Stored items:
····················
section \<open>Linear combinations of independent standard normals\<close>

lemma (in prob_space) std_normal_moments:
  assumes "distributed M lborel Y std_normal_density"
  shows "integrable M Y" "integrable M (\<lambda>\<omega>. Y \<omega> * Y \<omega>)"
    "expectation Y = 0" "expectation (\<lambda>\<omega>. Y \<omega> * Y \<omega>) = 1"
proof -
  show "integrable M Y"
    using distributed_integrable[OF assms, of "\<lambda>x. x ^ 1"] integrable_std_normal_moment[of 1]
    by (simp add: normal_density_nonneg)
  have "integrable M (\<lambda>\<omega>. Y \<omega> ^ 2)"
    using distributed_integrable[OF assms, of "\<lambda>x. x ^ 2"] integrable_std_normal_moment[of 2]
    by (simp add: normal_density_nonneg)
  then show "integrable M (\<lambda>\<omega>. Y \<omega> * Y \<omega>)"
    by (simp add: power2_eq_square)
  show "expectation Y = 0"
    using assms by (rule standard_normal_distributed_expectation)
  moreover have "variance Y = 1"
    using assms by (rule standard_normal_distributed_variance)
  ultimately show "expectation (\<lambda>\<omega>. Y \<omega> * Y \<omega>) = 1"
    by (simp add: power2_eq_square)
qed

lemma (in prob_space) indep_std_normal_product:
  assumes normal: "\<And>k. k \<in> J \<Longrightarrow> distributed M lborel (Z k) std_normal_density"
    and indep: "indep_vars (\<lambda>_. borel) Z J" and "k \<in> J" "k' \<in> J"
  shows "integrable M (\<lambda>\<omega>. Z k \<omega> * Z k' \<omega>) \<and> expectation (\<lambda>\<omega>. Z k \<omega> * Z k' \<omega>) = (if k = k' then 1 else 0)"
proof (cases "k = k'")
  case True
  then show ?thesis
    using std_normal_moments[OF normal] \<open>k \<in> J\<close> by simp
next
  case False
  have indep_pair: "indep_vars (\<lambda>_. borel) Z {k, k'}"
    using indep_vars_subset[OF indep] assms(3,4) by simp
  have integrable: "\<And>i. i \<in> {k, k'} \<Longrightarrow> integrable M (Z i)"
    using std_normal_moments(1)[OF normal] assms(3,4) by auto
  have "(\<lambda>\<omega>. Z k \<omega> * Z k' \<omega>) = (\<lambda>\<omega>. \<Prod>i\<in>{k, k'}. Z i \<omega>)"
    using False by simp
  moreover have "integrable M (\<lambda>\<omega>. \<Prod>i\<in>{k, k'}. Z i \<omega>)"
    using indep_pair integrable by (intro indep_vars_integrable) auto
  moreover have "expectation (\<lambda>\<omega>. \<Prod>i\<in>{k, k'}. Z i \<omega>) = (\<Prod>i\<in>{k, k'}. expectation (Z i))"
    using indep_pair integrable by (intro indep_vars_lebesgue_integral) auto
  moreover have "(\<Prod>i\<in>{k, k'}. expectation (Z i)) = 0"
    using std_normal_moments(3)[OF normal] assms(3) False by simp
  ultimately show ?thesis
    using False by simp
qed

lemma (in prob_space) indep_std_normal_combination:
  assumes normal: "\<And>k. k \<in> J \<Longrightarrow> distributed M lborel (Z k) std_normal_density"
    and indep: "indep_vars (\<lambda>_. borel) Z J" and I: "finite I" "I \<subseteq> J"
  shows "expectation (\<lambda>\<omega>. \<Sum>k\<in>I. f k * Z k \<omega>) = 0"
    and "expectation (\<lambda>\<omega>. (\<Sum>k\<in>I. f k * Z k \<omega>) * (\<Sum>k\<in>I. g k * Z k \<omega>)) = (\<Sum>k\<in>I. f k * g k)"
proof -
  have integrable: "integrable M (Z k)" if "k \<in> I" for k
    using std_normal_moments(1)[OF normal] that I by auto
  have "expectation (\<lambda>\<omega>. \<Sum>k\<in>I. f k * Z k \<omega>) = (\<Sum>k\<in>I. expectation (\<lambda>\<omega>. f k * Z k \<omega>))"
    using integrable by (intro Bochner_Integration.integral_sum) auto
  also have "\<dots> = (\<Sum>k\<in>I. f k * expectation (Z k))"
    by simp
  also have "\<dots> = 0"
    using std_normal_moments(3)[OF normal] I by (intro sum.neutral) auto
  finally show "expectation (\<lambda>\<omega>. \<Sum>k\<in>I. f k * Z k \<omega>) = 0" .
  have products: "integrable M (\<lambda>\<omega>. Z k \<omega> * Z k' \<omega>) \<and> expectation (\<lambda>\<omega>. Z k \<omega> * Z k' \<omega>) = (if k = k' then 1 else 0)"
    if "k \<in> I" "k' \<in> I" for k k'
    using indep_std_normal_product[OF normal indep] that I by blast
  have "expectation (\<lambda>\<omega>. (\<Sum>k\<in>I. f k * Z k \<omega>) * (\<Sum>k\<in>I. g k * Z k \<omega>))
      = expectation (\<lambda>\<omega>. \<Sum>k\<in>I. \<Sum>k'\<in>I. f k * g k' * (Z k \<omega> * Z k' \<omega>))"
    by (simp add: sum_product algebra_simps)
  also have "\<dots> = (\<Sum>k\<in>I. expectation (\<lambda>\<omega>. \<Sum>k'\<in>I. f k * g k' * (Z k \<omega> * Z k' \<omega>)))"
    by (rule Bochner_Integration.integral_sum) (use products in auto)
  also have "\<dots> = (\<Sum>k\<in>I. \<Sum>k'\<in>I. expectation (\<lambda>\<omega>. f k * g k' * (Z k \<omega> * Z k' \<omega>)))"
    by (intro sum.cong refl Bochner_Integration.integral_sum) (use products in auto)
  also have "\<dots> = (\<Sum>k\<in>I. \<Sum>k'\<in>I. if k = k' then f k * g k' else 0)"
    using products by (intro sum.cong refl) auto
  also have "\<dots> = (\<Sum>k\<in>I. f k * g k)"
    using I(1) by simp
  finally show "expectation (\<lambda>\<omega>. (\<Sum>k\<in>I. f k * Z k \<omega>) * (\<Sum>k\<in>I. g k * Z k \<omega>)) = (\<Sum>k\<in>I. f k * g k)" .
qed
····················
Counting the line that contains "(\<Sum>k\<in>I. \<Sum>k'\<in>I. if" as the first, copy exactly every line through the end of the records, and nothing else.

§ **EXERCISE ANSWER**
  also have "\<dots> = (\<Sum>k\<in>I. \<Sum>k'\<in>I. if k = k' then f k * g k' else 0)"
    using products by (intro sum.cong refl) auto
  also have "\<dots> = (\<Sum>k\<in>I. f k * g k)"
    using I(1) by simp
  finally show "expectation (\<lambda>\<omega>. (\<Sum>k\<in>I. f k * Z k \<omega>) * (\<Sum>k\<in>I. g k * Z k \<omega>)) = (\<Sum>k\<in>I. f k * g k)" .
qed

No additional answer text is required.